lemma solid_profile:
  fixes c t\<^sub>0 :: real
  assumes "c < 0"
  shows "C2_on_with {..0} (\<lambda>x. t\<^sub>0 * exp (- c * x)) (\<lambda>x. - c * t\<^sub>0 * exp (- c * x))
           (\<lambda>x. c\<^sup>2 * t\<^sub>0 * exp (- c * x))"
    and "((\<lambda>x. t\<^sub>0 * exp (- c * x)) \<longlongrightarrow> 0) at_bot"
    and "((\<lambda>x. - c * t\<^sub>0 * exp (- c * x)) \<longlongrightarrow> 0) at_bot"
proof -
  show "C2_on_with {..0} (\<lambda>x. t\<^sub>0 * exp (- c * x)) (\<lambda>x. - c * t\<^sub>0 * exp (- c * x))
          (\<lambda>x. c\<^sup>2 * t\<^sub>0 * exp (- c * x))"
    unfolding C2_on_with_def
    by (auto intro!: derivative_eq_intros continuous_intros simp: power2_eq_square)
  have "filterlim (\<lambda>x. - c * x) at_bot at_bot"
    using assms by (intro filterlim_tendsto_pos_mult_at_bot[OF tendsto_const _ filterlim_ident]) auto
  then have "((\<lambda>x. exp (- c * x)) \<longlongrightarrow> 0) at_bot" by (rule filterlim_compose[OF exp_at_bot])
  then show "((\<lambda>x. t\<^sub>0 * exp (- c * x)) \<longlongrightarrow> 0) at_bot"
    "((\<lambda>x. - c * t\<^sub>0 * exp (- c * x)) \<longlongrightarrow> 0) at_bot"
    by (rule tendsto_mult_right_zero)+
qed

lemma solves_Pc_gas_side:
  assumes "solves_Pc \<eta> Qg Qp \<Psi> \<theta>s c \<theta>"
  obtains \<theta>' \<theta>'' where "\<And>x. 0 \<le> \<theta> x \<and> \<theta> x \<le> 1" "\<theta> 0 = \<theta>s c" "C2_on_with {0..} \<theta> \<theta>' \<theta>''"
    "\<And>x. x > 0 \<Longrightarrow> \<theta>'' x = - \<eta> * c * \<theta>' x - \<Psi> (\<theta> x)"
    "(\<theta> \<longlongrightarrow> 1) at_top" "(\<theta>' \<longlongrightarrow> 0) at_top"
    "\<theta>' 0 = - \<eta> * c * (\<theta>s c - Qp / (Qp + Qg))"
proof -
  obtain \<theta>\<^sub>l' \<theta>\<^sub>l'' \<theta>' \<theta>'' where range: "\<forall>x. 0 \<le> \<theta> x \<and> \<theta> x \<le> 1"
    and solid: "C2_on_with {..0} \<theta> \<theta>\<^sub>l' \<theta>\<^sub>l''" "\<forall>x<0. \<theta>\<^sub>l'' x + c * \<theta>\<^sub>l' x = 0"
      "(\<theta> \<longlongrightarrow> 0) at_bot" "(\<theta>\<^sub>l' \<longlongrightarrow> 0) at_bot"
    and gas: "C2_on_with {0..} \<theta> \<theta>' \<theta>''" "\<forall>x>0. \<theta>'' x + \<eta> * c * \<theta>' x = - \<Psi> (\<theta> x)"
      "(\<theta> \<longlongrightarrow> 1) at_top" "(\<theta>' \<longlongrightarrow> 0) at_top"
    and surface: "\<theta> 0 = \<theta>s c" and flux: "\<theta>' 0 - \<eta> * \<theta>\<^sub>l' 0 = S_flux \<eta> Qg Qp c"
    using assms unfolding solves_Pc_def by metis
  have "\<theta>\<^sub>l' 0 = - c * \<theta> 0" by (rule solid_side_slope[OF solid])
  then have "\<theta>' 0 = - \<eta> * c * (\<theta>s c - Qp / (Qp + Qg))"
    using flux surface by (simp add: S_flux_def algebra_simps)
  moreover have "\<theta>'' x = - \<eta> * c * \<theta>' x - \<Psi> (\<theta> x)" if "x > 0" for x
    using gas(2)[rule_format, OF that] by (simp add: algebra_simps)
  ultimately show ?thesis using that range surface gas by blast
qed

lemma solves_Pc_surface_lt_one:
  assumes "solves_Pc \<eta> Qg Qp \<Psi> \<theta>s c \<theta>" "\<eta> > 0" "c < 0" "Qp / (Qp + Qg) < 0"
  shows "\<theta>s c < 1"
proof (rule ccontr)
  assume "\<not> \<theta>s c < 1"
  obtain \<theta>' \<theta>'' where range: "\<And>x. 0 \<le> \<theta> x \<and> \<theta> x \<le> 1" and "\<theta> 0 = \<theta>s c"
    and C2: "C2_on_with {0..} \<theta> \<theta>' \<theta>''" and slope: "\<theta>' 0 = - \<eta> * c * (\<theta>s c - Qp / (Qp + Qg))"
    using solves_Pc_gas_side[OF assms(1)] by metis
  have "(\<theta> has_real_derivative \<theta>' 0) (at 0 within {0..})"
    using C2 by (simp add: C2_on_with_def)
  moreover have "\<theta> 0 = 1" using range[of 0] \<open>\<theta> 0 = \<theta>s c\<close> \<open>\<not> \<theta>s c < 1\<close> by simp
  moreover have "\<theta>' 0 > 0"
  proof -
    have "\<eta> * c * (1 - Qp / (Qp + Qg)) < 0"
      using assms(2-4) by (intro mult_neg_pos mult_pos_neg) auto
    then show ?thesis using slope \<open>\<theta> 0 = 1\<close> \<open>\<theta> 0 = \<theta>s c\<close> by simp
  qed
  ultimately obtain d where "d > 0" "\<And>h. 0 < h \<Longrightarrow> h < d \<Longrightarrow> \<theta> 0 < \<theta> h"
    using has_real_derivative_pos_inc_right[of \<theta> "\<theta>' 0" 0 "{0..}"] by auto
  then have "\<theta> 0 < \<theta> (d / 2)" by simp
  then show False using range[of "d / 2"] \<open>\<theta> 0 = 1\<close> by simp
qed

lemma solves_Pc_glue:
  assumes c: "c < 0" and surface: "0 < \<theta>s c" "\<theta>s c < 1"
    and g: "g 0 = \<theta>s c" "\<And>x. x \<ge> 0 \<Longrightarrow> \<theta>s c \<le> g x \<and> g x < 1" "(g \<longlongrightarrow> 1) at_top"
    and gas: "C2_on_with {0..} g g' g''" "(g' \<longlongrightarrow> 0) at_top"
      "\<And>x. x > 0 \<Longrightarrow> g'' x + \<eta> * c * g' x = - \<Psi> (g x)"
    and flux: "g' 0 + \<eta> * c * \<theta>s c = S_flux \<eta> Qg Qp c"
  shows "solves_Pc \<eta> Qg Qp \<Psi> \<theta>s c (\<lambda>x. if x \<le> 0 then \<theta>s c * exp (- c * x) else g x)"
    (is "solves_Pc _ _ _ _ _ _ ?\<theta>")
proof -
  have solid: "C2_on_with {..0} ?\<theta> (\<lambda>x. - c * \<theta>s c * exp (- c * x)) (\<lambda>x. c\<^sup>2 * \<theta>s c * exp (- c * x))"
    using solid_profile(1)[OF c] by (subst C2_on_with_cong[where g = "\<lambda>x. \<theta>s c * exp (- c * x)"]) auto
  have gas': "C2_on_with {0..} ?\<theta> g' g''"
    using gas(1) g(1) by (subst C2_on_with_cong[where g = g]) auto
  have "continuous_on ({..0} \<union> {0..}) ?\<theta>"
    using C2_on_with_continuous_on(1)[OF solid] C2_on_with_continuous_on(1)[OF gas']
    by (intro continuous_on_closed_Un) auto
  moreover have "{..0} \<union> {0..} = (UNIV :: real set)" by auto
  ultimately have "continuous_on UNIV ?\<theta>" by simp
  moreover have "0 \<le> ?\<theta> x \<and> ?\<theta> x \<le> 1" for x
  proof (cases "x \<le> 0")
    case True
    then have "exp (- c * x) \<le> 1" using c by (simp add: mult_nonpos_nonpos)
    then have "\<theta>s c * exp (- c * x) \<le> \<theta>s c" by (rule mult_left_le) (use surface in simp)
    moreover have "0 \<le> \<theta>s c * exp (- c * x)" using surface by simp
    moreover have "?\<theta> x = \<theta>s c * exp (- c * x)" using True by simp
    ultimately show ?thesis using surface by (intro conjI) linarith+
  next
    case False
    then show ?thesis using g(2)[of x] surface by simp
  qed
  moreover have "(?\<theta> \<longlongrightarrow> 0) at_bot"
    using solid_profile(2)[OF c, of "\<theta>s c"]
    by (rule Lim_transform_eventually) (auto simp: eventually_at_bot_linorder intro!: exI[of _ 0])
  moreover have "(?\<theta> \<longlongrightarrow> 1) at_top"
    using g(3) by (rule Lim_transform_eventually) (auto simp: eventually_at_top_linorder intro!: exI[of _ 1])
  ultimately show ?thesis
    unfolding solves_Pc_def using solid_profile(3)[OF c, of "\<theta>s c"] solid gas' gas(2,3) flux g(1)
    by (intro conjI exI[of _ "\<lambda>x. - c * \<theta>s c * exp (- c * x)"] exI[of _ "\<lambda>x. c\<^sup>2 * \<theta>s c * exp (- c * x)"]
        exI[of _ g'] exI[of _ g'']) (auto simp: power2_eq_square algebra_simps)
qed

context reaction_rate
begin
...
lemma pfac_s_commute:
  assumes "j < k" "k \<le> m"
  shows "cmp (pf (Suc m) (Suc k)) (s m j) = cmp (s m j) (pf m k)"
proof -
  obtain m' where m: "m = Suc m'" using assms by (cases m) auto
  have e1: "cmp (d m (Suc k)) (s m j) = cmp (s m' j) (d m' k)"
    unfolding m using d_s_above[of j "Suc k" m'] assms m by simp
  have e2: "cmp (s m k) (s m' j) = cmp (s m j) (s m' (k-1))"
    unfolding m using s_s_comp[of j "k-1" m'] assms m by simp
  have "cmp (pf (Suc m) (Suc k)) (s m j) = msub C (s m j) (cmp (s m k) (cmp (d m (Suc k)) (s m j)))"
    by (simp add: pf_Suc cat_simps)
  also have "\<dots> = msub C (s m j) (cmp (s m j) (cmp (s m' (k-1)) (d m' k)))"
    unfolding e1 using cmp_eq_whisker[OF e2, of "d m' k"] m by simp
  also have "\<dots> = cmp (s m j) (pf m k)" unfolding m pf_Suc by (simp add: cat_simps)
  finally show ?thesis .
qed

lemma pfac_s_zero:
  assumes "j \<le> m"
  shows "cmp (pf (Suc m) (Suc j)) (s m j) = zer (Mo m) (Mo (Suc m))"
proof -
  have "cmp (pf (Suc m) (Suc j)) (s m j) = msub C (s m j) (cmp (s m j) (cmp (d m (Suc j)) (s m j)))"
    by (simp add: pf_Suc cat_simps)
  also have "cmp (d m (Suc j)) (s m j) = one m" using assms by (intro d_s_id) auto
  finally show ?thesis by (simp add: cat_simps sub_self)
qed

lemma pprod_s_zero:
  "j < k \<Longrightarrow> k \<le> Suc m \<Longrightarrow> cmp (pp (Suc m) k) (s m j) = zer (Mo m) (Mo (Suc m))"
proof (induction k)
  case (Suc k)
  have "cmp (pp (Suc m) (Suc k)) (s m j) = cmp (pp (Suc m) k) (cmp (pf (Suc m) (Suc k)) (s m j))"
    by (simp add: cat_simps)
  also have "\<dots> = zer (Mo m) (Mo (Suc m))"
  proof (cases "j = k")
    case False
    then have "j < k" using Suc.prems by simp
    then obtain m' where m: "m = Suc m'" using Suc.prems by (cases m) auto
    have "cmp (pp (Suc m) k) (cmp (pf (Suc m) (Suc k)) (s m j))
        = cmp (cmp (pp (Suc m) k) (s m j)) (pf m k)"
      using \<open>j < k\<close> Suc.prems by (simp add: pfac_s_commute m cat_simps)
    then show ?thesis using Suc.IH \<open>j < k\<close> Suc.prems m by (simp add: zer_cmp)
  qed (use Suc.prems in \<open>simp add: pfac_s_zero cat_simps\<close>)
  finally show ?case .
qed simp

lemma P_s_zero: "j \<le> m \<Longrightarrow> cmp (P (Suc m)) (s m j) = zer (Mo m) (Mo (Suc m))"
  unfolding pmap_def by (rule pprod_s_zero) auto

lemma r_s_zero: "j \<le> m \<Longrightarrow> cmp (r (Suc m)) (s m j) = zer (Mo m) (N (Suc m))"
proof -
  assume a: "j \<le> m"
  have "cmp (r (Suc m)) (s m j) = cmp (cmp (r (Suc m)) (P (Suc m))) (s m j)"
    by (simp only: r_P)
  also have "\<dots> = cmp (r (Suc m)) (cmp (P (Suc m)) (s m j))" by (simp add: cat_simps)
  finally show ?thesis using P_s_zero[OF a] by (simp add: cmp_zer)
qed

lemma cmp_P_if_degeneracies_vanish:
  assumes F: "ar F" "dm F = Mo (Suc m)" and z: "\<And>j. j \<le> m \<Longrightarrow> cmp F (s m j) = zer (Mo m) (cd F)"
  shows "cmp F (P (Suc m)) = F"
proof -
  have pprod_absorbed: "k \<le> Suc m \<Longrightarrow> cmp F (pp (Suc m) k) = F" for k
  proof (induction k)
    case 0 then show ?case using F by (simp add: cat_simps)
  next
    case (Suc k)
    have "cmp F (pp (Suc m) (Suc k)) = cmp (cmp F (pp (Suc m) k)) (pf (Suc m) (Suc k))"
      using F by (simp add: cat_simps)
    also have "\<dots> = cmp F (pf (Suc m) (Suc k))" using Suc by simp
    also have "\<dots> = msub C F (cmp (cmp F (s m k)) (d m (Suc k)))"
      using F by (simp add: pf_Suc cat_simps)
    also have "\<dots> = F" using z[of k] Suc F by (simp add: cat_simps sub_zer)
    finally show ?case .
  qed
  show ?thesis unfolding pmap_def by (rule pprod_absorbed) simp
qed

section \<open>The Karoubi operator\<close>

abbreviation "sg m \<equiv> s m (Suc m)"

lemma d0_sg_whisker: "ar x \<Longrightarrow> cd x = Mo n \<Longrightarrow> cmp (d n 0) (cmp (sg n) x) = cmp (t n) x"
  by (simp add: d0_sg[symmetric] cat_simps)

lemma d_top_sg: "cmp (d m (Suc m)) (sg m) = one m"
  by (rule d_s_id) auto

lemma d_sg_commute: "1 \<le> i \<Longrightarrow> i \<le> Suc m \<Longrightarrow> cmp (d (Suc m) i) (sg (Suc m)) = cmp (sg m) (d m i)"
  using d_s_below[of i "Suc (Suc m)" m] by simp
...
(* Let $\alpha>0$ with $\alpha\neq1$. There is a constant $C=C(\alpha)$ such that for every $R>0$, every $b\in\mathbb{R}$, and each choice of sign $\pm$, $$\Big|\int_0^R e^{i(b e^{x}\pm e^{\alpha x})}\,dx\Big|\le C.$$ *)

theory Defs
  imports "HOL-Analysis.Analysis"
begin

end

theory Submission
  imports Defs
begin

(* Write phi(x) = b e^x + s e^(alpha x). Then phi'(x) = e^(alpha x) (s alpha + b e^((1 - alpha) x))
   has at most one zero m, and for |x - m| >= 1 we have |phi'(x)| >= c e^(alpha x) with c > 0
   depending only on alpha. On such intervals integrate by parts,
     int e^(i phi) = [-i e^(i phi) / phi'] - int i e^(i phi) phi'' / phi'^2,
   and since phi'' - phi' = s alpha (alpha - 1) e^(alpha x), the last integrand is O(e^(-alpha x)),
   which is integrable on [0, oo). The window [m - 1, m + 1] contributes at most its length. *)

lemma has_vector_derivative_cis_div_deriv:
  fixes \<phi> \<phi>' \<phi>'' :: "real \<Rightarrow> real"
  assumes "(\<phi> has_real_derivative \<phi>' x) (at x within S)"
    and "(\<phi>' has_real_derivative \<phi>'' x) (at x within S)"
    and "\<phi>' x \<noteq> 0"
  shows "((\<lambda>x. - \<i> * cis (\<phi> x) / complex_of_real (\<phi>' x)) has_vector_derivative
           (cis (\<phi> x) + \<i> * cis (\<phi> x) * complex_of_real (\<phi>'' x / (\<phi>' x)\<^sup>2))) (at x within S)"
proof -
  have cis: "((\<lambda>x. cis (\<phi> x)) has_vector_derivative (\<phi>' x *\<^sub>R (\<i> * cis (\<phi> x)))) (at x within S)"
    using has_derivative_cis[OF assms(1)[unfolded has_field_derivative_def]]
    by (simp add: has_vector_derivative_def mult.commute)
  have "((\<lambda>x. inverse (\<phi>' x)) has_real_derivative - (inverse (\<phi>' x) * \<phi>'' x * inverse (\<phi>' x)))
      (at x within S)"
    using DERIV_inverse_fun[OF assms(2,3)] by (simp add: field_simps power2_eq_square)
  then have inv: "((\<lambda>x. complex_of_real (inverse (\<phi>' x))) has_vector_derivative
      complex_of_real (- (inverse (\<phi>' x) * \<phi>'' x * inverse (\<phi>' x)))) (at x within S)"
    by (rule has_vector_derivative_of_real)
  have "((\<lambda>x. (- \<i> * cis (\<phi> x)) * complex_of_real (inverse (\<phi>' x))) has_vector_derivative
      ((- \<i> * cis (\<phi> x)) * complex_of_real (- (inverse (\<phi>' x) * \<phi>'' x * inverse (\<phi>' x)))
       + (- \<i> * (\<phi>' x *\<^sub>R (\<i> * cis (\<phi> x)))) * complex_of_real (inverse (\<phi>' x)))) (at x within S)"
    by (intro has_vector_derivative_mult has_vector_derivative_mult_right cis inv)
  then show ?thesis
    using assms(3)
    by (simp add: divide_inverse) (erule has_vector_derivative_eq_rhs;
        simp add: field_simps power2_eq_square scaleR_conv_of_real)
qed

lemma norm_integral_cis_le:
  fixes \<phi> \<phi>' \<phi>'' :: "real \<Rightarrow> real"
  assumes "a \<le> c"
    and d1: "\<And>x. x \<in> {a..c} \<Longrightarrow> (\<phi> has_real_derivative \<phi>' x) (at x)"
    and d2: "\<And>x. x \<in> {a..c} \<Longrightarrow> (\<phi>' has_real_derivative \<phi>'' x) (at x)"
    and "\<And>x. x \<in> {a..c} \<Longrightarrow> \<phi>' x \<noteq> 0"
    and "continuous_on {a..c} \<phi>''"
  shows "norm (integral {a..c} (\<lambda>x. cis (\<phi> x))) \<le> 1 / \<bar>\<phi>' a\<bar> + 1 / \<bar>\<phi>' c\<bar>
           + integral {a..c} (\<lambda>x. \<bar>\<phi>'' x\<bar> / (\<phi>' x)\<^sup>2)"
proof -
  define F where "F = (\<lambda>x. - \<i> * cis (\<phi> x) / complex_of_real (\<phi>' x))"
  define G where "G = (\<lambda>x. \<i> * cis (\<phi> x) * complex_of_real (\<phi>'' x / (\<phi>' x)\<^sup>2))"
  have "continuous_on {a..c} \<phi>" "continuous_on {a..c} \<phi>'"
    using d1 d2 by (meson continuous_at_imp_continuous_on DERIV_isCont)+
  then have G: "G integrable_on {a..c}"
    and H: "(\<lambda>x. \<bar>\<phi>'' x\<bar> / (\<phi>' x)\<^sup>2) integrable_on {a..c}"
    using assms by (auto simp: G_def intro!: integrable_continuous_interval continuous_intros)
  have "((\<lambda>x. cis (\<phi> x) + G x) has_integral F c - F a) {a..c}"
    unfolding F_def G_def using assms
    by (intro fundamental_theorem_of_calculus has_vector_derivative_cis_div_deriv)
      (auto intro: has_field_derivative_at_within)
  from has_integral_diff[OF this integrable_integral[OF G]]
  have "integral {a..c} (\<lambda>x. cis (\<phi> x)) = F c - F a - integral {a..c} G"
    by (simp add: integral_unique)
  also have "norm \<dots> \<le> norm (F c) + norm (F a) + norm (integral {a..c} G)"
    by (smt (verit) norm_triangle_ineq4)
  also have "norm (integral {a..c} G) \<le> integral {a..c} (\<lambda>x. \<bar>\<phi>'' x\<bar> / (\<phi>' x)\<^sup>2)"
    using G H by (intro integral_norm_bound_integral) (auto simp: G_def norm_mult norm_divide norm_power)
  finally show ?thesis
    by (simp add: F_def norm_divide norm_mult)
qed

#### [WORK ITEM]
Using the data above, reproduce exactly the lines between those holding "x \<Longrightarrow> cd" and "by (rule d_s_id) auto", inclusive, and no others.

#### [SOLUTION TO THIS EXERCISE]
lemma d0_sg_whisker: "ar x \<Longrightarrow> cd x = Mo n \<Longrightarrow> cmp (d n 0) (cmp (sg n) x) = cmp (t n) x"
  by (simp add: d0_sg[symmetric] cat_simps)

lemma d_top_sg: "cmp (d m (Suc m)) (sg m) = one m"
  by (rule d_s_id) auto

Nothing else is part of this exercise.